» **Problem to work on**
Lift out, unaltered, the lines of the material below between the line holding "(curvature I f" and the line holding "a *\<^sub>R tangent", counting both.

» **Supplied entries**
+ + + +

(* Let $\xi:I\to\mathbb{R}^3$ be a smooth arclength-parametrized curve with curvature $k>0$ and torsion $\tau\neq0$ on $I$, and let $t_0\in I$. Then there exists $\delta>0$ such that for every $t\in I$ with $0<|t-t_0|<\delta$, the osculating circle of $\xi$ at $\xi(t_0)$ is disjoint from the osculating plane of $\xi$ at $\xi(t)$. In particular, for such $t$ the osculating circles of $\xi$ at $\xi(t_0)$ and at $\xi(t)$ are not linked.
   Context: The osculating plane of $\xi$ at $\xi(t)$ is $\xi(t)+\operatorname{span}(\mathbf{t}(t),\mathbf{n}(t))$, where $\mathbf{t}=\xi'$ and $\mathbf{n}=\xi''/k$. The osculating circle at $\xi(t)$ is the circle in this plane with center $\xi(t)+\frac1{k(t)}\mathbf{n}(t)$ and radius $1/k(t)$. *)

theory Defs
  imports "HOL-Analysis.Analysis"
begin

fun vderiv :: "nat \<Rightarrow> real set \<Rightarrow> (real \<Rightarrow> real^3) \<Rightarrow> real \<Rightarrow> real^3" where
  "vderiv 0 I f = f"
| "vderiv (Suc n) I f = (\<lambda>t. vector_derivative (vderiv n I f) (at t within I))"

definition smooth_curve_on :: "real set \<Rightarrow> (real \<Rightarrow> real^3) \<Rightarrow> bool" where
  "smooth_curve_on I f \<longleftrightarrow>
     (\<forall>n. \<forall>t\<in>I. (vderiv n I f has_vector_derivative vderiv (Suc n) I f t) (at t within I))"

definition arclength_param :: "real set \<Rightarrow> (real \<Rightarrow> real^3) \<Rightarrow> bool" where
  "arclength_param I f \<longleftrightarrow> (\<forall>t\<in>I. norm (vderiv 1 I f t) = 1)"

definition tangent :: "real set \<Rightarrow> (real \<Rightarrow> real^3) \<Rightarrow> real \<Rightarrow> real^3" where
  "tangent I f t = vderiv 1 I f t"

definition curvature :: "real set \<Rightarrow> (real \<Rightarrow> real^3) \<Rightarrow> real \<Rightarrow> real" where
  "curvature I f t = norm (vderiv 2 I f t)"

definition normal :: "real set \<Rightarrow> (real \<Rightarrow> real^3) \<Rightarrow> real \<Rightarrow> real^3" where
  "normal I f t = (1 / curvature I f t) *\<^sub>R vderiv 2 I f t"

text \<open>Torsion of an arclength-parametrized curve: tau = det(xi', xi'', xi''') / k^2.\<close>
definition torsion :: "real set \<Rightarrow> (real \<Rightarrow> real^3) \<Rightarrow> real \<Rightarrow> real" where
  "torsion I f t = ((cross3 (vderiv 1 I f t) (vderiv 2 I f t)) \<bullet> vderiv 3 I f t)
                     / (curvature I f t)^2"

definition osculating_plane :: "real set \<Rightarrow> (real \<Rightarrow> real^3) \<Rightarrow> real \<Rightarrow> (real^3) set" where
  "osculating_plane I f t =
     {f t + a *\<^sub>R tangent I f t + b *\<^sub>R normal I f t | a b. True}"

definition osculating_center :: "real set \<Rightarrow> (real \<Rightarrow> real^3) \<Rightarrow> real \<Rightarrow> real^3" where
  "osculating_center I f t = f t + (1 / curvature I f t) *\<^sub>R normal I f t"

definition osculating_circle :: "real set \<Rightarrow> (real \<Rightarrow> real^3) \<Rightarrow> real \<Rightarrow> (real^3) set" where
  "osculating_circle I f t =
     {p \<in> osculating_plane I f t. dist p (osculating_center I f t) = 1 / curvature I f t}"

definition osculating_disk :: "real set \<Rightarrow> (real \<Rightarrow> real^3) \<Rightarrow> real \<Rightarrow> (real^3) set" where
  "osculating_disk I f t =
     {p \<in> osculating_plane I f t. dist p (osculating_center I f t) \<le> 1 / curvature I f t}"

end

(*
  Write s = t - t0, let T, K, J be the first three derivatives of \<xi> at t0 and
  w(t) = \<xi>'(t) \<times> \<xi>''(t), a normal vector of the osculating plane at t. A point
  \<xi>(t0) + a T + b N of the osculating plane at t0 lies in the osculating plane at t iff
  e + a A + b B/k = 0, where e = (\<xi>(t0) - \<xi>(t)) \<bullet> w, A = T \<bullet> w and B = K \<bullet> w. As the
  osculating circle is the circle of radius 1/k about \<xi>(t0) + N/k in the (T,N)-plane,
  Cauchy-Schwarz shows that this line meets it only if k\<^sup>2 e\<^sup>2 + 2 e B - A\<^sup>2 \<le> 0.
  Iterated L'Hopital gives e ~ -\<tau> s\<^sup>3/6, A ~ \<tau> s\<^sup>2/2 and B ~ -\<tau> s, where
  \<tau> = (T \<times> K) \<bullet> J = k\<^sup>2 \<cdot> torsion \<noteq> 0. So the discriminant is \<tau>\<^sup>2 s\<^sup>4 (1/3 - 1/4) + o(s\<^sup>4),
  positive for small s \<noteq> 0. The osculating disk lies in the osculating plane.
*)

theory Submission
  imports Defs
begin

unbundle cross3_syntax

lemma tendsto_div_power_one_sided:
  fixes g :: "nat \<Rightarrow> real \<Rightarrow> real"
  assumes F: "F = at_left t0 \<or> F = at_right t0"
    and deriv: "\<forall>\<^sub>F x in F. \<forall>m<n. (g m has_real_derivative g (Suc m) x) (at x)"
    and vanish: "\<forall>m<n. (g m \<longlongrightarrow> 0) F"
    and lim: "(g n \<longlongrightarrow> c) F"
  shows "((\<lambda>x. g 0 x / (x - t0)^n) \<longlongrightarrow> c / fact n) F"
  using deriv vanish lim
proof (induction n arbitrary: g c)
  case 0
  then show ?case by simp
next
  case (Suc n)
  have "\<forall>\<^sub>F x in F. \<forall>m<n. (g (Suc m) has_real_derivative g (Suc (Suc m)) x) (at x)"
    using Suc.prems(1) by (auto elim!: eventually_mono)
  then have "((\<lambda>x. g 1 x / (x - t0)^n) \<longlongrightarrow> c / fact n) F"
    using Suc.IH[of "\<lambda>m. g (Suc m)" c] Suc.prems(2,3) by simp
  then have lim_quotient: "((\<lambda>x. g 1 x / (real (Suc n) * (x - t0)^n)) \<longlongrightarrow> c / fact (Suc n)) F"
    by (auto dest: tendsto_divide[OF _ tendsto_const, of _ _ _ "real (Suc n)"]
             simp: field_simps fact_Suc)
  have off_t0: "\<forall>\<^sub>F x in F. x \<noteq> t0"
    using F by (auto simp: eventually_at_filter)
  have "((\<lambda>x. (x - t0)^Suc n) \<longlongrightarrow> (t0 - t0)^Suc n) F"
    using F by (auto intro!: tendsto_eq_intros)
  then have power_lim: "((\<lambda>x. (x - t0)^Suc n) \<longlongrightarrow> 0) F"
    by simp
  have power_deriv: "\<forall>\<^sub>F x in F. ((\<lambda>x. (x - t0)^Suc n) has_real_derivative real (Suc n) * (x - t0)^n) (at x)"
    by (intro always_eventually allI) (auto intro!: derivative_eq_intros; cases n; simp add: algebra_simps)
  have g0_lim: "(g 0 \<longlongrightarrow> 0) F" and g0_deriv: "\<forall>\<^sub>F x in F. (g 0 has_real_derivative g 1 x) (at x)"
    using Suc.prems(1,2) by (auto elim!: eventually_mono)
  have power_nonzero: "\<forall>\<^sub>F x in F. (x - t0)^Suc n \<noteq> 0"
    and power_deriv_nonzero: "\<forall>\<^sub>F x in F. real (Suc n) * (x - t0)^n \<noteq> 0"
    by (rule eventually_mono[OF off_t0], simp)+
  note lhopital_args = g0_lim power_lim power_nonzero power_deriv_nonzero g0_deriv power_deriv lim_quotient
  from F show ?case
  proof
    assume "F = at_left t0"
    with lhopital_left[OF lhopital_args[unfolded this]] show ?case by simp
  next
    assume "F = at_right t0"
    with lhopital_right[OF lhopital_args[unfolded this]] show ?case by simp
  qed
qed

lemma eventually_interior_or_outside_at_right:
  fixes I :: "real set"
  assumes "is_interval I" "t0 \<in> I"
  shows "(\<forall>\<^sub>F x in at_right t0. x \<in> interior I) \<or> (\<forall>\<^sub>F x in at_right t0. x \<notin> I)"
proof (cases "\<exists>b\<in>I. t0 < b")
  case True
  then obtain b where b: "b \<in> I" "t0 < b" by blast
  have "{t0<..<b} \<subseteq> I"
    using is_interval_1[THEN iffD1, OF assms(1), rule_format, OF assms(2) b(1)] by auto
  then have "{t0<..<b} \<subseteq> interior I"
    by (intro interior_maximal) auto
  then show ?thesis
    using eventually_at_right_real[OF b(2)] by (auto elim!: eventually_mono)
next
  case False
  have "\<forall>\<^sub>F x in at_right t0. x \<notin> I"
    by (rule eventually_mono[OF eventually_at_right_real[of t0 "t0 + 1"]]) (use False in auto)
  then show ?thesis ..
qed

+ + + +

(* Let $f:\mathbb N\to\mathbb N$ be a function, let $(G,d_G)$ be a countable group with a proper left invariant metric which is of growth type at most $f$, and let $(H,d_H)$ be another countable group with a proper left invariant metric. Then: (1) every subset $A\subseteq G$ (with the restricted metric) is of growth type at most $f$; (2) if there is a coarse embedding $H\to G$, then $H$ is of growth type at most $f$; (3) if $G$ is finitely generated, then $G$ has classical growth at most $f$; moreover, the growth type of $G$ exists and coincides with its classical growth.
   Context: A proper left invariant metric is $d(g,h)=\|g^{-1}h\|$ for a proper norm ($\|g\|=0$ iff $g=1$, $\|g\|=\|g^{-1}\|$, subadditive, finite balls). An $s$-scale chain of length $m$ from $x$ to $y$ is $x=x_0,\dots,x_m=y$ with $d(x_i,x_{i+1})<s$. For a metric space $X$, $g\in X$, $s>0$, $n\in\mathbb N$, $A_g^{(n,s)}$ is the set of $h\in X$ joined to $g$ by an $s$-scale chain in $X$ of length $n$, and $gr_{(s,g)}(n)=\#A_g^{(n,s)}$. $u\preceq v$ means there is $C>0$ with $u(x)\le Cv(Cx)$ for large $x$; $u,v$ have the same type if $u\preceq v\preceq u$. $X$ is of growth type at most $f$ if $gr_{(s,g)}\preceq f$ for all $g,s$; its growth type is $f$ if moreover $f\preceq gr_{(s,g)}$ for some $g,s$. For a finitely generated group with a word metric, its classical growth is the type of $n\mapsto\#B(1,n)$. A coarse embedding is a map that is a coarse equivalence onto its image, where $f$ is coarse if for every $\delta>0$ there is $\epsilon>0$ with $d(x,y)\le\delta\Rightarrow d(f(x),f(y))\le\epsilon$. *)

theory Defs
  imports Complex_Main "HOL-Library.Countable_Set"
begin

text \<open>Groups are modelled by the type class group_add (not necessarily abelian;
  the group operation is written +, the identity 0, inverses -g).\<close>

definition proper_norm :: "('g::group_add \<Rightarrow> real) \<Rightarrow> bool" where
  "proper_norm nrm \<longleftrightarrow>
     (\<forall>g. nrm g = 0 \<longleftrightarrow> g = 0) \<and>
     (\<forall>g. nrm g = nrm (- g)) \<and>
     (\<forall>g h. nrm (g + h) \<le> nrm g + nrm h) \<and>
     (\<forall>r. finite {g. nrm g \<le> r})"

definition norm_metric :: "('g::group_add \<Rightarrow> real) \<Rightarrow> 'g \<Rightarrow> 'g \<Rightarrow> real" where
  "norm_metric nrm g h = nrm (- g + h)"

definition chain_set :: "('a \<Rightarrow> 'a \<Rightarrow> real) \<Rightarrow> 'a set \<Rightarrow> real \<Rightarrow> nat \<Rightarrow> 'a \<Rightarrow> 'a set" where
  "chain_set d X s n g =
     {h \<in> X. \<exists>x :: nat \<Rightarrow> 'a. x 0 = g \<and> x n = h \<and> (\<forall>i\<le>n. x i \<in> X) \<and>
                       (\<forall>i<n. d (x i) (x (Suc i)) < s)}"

+ + + +

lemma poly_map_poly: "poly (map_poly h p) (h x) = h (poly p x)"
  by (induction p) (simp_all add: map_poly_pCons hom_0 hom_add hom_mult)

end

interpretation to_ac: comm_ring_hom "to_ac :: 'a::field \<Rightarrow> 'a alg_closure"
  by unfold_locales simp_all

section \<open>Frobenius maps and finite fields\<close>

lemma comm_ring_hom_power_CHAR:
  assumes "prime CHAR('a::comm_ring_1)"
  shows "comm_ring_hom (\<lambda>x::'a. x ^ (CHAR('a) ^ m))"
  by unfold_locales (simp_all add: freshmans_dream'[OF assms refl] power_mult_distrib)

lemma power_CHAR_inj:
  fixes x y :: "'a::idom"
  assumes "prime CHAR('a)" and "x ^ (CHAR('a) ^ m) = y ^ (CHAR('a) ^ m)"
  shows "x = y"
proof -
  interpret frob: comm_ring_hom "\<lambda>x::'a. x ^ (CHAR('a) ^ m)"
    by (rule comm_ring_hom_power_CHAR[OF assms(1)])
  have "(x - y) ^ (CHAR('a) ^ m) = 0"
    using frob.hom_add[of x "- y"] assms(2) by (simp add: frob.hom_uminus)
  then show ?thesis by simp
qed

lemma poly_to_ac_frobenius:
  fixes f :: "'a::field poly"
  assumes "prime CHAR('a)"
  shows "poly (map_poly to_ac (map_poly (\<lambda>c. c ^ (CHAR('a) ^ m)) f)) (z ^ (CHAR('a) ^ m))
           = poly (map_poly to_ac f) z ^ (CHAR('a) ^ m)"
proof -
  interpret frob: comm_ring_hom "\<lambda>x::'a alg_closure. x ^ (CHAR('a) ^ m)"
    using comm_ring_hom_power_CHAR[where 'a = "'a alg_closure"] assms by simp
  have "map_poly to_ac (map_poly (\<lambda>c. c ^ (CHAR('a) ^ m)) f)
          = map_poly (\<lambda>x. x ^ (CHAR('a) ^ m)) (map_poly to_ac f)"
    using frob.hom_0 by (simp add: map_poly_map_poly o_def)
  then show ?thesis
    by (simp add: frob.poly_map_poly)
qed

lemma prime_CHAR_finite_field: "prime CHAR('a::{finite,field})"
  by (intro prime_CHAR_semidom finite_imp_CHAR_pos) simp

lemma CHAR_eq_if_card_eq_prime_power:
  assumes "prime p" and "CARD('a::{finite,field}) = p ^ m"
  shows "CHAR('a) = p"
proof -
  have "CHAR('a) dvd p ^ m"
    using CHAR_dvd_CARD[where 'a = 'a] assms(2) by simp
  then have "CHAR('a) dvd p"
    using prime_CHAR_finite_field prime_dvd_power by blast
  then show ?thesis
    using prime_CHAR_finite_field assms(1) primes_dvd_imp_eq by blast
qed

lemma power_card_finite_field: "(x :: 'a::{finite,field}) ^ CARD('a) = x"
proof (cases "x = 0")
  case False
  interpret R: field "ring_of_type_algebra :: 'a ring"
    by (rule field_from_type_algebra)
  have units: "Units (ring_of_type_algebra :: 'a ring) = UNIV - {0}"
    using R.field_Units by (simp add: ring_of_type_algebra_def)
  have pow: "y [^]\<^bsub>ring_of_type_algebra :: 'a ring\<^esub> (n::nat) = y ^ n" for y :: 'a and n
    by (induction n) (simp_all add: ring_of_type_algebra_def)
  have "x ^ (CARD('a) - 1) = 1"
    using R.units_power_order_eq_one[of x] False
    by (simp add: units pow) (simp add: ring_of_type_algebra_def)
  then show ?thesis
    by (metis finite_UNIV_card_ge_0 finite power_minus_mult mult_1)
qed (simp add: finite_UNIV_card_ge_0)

+ + + +

» **Solution**
                     / (curvature I f t)^2"

definition osculating_plane :: "real set \<Rightarrow> (real \<Rightarrow> real^3) \<Rightarrow> real \<Rightarrow> (real^3) set" where
  "osculating_plane I f t =
     {f t + a *\<^sub>R tangent I f t + b *\<^sub>R normal I f t | a b. True}"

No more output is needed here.